# WORK TO BE COMPLETED
Which of the lines below holds the string "shows"? Copy every line that does.

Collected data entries
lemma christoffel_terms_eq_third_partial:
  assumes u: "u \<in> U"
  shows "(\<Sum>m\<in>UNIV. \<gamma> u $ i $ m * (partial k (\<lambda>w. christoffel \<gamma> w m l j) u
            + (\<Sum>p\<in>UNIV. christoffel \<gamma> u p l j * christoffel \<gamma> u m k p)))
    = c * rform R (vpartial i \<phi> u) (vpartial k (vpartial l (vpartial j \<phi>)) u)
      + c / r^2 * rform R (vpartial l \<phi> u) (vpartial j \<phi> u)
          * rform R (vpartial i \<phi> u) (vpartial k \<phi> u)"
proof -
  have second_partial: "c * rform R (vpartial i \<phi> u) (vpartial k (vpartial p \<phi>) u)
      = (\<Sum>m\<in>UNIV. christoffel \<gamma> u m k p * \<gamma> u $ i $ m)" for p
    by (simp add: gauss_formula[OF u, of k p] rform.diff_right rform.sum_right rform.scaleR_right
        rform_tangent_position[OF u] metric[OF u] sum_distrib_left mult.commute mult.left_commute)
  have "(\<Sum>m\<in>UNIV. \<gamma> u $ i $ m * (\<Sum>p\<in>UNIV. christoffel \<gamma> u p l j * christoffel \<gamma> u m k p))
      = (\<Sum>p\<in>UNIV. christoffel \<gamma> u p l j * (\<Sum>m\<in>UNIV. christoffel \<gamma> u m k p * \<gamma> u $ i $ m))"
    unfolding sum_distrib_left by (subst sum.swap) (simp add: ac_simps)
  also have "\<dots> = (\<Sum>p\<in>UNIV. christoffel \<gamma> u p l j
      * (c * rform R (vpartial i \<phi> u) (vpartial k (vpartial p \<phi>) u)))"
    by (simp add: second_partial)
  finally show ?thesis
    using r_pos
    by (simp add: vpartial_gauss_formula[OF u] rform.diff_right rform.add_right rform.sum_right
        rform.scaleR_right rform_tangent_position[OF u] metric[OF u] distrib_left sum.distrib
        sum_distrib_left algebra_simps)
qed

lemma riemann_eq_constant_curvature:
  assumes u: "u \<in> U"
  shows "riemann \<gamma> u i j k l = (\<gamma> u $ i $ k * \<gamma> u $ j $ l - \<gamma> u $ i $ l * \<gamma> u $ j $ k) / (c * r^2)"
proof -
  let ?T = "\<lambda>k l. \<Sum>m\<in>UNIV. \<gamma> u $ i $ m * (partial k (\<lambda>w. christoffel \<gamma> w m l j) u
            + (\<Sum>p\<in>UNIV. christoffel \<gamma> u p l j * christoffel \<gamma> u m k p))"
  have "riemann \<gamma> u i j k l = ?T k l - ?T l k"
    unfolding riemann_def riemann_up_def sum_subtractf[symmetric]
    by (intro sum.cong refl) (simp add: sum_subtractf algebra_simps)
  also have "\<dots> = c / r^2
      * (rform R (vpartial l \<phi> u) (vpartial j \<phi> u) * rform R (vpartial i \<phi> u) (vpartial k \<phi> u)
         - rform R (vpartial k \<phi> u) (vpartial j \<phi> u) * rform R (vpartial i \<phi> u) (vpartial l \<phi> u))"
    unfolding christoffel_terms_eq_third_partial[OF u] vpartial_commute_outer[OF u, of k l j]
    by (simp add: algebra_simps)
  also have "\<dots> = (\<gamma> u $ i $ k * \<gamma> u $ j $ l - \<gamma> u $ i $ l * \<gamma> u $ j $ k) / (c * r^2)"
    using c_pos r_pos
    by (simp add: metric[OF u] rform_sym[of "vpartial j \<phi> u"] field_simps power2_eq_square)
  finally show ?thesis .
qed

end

# WRITTEN RESPONSE
  shows "(\<Sum>m\<in>UNIV. \<gamma> u $ i $ m * (partial k (\<lambda>w. christoffel \<gamma> w m l j) u
  shows "riemann \<gamma> u i j k l = (\<gamma> u $ i $ k * \<gamma> u $ j $ l - \<gamma> u $ i $ l * \<gamma> u $ j $ k) / (c * r^2)"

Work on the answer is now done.